Exercise objective - How many lines in the entries below contain "unfolded"? Answer with the number only.

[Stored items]
lemma powr_uniformly_continuous_on_unit_interval:
  fixes \<alpha> :: real
  assumes "\<alpha> > 0" "e > 0"
  obtains d where "d > 0"
    and "\<And>x y. x \<in> {0..1} \<Longrightarrow> y \<in> {0..1} \<Longrightarrow> \<bar>x - y\<bar> \<le> d \<Longrightarrow> \<bar>x powr \<alpha> - y powr \<alpha>\<bar> \<le> e"
proof -
  have "continuous_on {0..1::real} (\<lambda>x. x powr \<alpha>)"
    using assms(1) by (intro continuous_on_powr') (auto intro: continuous_intros)
  then have "uniformly_continuous_on {0..1::real} (\<lambda>x. x powr \<alpha>)"
    by (rule compact_uniformly_continuous) simp
  then obtain d where "d > 0"
    and d: "\<forall>x\<in>{0..1}. \<forall>y\<in>{0..1}. dist y x < d \<longrightarrow> dist (y powr \<alpha>) (x powr \<alpha>) < e"
    using assms(2) unfolding uniformly_continuous_on_def by blast
  show ?thesis
  proof (rule that[of "d / 2"])
    show "\<bar>x powr \<alpha> - y powr \<alpha>\<bar> \<le> e" if "x \<in> {0..1}" "y \<in> {0..1}" "\<bar>x - y\<bar> \<le> d / 2" for x y
      using d that \<open>d > 0\<close> by (force simp: dist_real_def)
  qed (use \<open>d > 0\<close> in simp)
qed

lemma madogram_summand_uniformly_close:
  assumes X: "finite X" "X \<noteq> {}" and Y: "finite Y" "Y \<noteq> {}"
    and "\<alpha> > 0" "\<beta> > 0" "e > 0"
  shows "\<exists>d>0. \<forall>F G z. (\<forall>w\<in>X \<union> Y. F w (z w) \<in> {0..1} \<and> G w (z w) \<in> {0..1}
                     \<and> \<bar>F w (z w) - G w (z w)\<bar> \<le> d)
           \<longrightarrow> \<bar>madogram_summand F \<alpha> \<beta> X Y z - madogram_summand G \<alpha> \<beta> X Y z\<bar> \<le> e"
proof -
  obtain d\<^sub>\<alpha> where "d\<^sub>\<alpha> > 0" and d\<^sub>\<alpha>: "\<And>x y. x \<in> {0..1} \<Longrightarrow> y \<in> {0..1} \<Longrightarrow> \<bar>x - y\<bar> \<le> d\<^sub>\<alpha>
      \<Longrightarrow> \<bar>x powr \<alpha> - y powr \<alpha>\<bar> \<le> e / 2"
    using powr_uniformly_continuous_on_unit_interval[of \<alpha> "e / 2"] assms by auto
  obtain d\<^sub>\<beta> where "d\<^sub>\<beta> > 0" and d\<^sub>\<beta>: "\<And>x y. x \<in> {0..1} \<Longrightarrow> y \<in> {0..1} \<Longrightarrow> \<bar>x - y\<bar> \<le> d\<^sub>\<beta>
      \<Longrightarrow> \<bar>x powr \<beta> - y powr \<beta>\<bar> \<le> e / 2"
    using powr_uniformly_continuous_on_unit_interval[of \<beta> "e / 2"] assms by auto
  have bound: "\<bar>madogram_summand F \<alpha> \<beta> X Y z - madogram_summand G \<alpha> \<beta> X Y z\<bar> \<le> e"
    if close: "\<forall>w\<in>X \<union> Y. F w (z w) \<in> {0..1} \<and> G w (z w) \<in> {0..1}
                 \<and> \<bar>F w (z w) - G w (z w)\<bar> \<le> min d\<^sub>\<alpha> d\<^sub>\<beta>" for F G z
  proof -
    have "\<bar>(MAX i\<in>X. F i (z i) powr \<alpha>) - (MAX i\<in>X. G i (z i) powr \<alpha>)\<bar> \<le> e / 2"
      using X close by (intro abs_Max_diff_le d\<^sub>\<alpha>) auto
    moreover have "\<bar>(MAX j\<in>Y. F j (z j) powr \<beta>) - (MAX j\<in>Y. G j (z j) powr \<beta>)\<bar> \<le> e / 2"
      using Y close by (intro abs_Max_diff_le d\<^sub>\<beta>) auto
    ultimately show ?thesis
      unfolding madogram_summand_def by linarith
  qed
  show ?thesis
  proof (intro exI[of _ "min d\<^sub>\<alpha> d\<^sub>\<beta>"] conjI allI impI)
    show "min d\<^sub>\<alpha> d\<^sub>\<beta> > 0"
      using \<open>d\<^sub>\<alpha> > 0\<close> \<open>d\<^sub>\<beta> > 0\<close> by simp
  qed (rule bound)
qed

lemma Cesaro_mean_tendsto_if_uniformly_close:
  fixes a :: "nat \<Rightarrow> nat \<Rightarrow> real" and b :: "nat \<Rightarrow> real"
  assumes b: "(\<lambda>T. (\<Sum>t\<in>{1..T}. b t) / real T) \<longlonglongrightarrow> \<mu>"
    and close: "\<And>e. e > 0 \<Longrightarrow> eventually (\<lambda>T. \<forall>t. \<bar>a T t - b t\<bar> \<le> e) sequentially"
  shows "(\<lambda>T. (\<Sum>t\<in>{1..T}. a T t) / real T) \<longlonglongrightarrow> \<mu>"
proof -
  have "(\<lambda>T. (\<Sum>t\<in>{1..T}. a T t) / real T - (\<Sum>t\<in>{1..T}. b t) / real T) \<longlonglongrightarrow> 0"
  proof (rule tendstoI)
    fix e :: real
    assume "e > 0"
    then have "eventually (\<lambda>T. T \<ge> 1 \<and> (\<forall>t. \<bar>a T t - b t\<bar> \<le> e / 2)) sequentially"
      using close[of "e / 2"] by (simp add: eventually_conj_iff eventually_ge_at_top)
    then show "eventually (\<lambda>T. dist ((\<Sum>t\<in>{1..T}. a T t) / real T - (\<Sum>t\<in>{1..T}. b t) / real T) 0 < e)
        sequentially"
    proof (rule eventually_mono)
      fix T :: nat
      assume T: "T \<ge> 1 \<and> (\<forall>t. \<bar>a T t - b t\<bar> \<le> e / 2)"
      have "\<bar>(\<Sum>t\<in>{1..T}. a T t) / real T - (\<Sum>t\<in>{1..T}. b t) / real T\<bar>
          = \<bar>\<Sum>t\<in>{1..T}. a T t - b t\<bar> / real T"
        by (simp add: sum_subtractf diff_divide_distrib[symmetric])
      also have "\<dots> \<le> (\<Sum>t\<in>{1..T}. e / 2) / real T"
        using T by (intro divide_right_mono order.trans[OF sum_abs sum_mono]) auto
      also have "\<dots> < e"
        using T \<open>e > 0\<close> by simp
      finally show "dist ((\<Sum>t\<in>{1..T}. a T t) / real T - (\<Sum>t\<in>{1..T}. b t) / real T) 0 < e"
        by (simp add: dist_real_def)
    qed
  qed
  from tendsto_add[OF b this] show ?thesis
    by simp
qed

lemma madogram_est_tendsto:
  assumes "finite X" "X \<noteq> {}" "finite Y" "Y \<noteq> {}" "\<alpha> > 0" "\<beta> > 0"
    and F_range: "\<And>w u. F w u \<in> {0..1}"
    and uniform: "\<forall>w\<in>X \<union> Y. \<forall>e>0.
      eventually (\<lambda>T. \<forall>u. \<bar>emp_cdf Zr T w \<omega> u - F w u\<bar> \<le> e) sequentially"
    and plug_in: "(\<lambda>T. (\<Sum>t\<in>{1..T}. madogram_summand F \<alpha> \<beta> X Y (Zr t \<omega>)) / real T) \<longlonglongrightarrow> \<mu>"
  shows "(\<lambda>T. madogram_est Zr \<alpha> \<beta> X Y T \<omega>) \<longlonglongrightarrow> (1 / 2) * \<mu>"
  unfolding madogram_est_eq_mean
proof (intro tendsto_mult_left Cesaro_mean_tendsto_if_uniformly_close[OF plug_in])
  fix e :: real
  assume "e > 0"
  obtain d where d: "d > 0 \<and> (\<forall>F G z. (\<forall>w\<in>X \<union> Y. F w (z w) \<in> {0..1} \<and> G w (z w) \<in> {0..1}
      \<and> \<bar>F w (z w) - G w (z w)\<bar> \<le> d)
      \<longrightarrow> \<bar>madogram_summand F \<alpha> \<beta> X Y z - madogram_summand G \<alpha> \<beta> X Y z\<bar> \<le> e)"
    using madogram_summand_uniformly_close[OF assms(1-6) \<open>e > 0\<close>] ..
  have "eventually (\<lambda>T. \<forall>w\<in>X \<union> Y. \<forall>u. \<bar>emp_cdf Zr T w \<omega> u - F w u\<bar> \<le> d) sequentially"
    using assms(1,3) uniform d by (intro eventually_ball_finite) auto
  then show "eventually (\<lambda>T. \<forall>t. \<bar>madogram_summand (\<lambda>w. emp_cdf Zr T w \<omega>) \<alpha> \<beta> X Y (Zr t \<omega>)
      - madogram_summand F \<alpha> \<beta> X Y (Zr t \<omega>)\<bar> \<le> e) sequentially"
  proof (rule eventually_mono, intro allI)
    fix T t
    assume close: "\<forall>w\<in>X \<union> Y. \<forall>u. \<bar>emp_cdf Zr T w \<omega> u - F w u\<bar> \<le> d"
    show "\<bar>madogram_summand (\<lambda>w. emp_cdf Zr T w \<omega>) \<alpha> \<beta> X Y (Zr t \<omega>)
        - madogram_summand F \<alpha> \<beta> X Y (Zr t \<omega>)\<bar> \<le> e"
      by (rule d[THEN conjunct2, rule_format])
        (simp add: close F_range[unfolded atLeastAtMost_iff]
          emp_cdf_mem_unit_interval[unfolded atLeastAtMost_iff])
  qed
qed

section \<open>Independent replications of a random field\<close>

locale iid_replicated_field = prob_space M
  for M :: "'a measure" and S :: "'l set"
    and Z :: "'a \<Rightarrow> 'l \<Rightarrow> real" and Zr :: "nat \<Rightarrow> 'a \<Rightarrow> 'l \<Rightarrow> real" +
  assumes Z_measurable [measurable]: "\<And>u. u \<in> S \<Longrightarrow> (\<lambda>\<omega>. Z \<omega> u) \<in> borel_measurable M"
    and Zr_measurable [measurable]: "\<And>t u. u \<in> S \<Longrightarrow> (\<lambda>\<omega>. Zr t \<omega> u) \<in> borel_measurable M"
    and indep_replications:
      "indep_vars (\<lambda>_. PiM S (\<lambda>_. borel)) (\<lambda>t \<omega>. restrict (Zr t \<omega>) S) {1..}"
    and distr_replications: "\<And>t. t \<ge> 1 \<Longrightarrow>
      distr M (PiM S (\<lambda>_. borel)) (\<lambda>\<omega>. restrict (Zr t \<omega>) S)
      = distr M (PiM S (\<lambda>_. borel)) (\<lambda>\<omega>. restrict (Z \<omega>) S)"
begin

lemma strong_law:
  fixes g :: "('l \<Rightarrow> real) \<Rightarrow> real"
  assumes g_measurable: "g \<in> borel_measurable (PiM S (\<lambda>_. borel))"
    and g_range: "\<And>v. g v \<in> {0..1}"
  shows "AE \<omega> in M. (\<lambda>T. (\<Sum>t\<in>{1..T}. g (restrict (Zr t \<omega>) S)) / real T)
           \<longlonglongrightarrow> expectation (\<lambda>\<omega>. g (restrict (Z \<omega>) S))"
proof (rule strong_law_unit_interval)
  have Zr_restrict: "(\<lambda>\<omega>. restrict (Zr t \<omega>) S) \<in> M \<rightarrow>\<^sub>M PiM S (\<lambda>_. borel)" for t
    by (rule measurable_restrict) simp
  have Z_restrict: "(\<lambda>\<omega>. restrict (Z \<omega>) S) \<in> M \<rightarrow>\<^sub>M PiM S (\<lambda>_. borel)"
    by (rule measurable_restrict) simp
  show "indep_vars (\<lambda>_. borel) (\<lambda>t \<omega>. g (restrict (Zr t \<omega>) S)) {1..}"
    using indep_vars_compose2[OF indep_replications, of "\<lambda>_. g"] g_measurable by simp
  show "g (restrict (Zr t \<omega>) S) \<in> {0..1}" for t \<omega>
    by (rule g_range)
  show "expectation (\<lambda>\<omega>. g (restrict (Zr t \<omega>) S)) = expectation (\<lambda>\<omega>. g (restrict (Z \<omega>) S))"
    if "t \<ge> 1" for t
    by (metis integral_distr[OF Zr_restrict g_measurable] integral_distr[OF Z_restrict g_measurable]
        distr_replications[OF that])
qed

lemma AE_empirical_frequency_tendsto:
  assumes "w \<in> S" and B [measurable]: "B \<in> sets borel"
  shows "AE \<omega> in M. (\<lambda>T. (\<Sum>t\<in>{1..T}. indicator B (Zr t \<omega> w)) / real T)
           \<longlonglongrightarrow> prob {\<omega> \<in> space M. Z \<omega> w \<in> B}"
proof -
  have [measurable]: "(\<lambda>v. v w) \<in> borel_measurable (PiM S (\<lambda>_. borel))"
    using measurable_component_singleton[OF \<open>w \<in> S\<close>] .
  have "AE \<omega> in M. (\<lambda>T. (\<Sum>t\<in>{1..T}. indicator B (restrict (Zr t \<omega>) S w)) / real T)
          \<longlonglongrightarrow> expectation (\<lambda>\<omega>. indicator B (restrict (Z \<omega>) S w))"
    by (rule strong_law) (auto simp: indicator_def)
  moreover have "expectation (\<lambda>\<omega>. indicator B (Z \<omega> w)) = prob {\<omega> \<in> space M. Z \<omega> w \<in> B}"
  proof -
    have "expectation (\<lambda>\<omega>. indicator B (Z \<omega> w))
        = expectation (indicator {\<omega> \<in> space M. Z \<omega> w \<in> B})"
      by (rule Bochner_Integration.integral_cong) (auto simp: indicator_def)
    also have "\<dots> = prob {\<omega> \<in> space M. Z \<omega> w \<in> B}"
      using \<open>w \<in> S\<close> by simp
    finally show ?thesis .
  qed
  ultimately show ?thesis
    using \<open>w \<in> S\<close> by simp
qed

Answer section - 2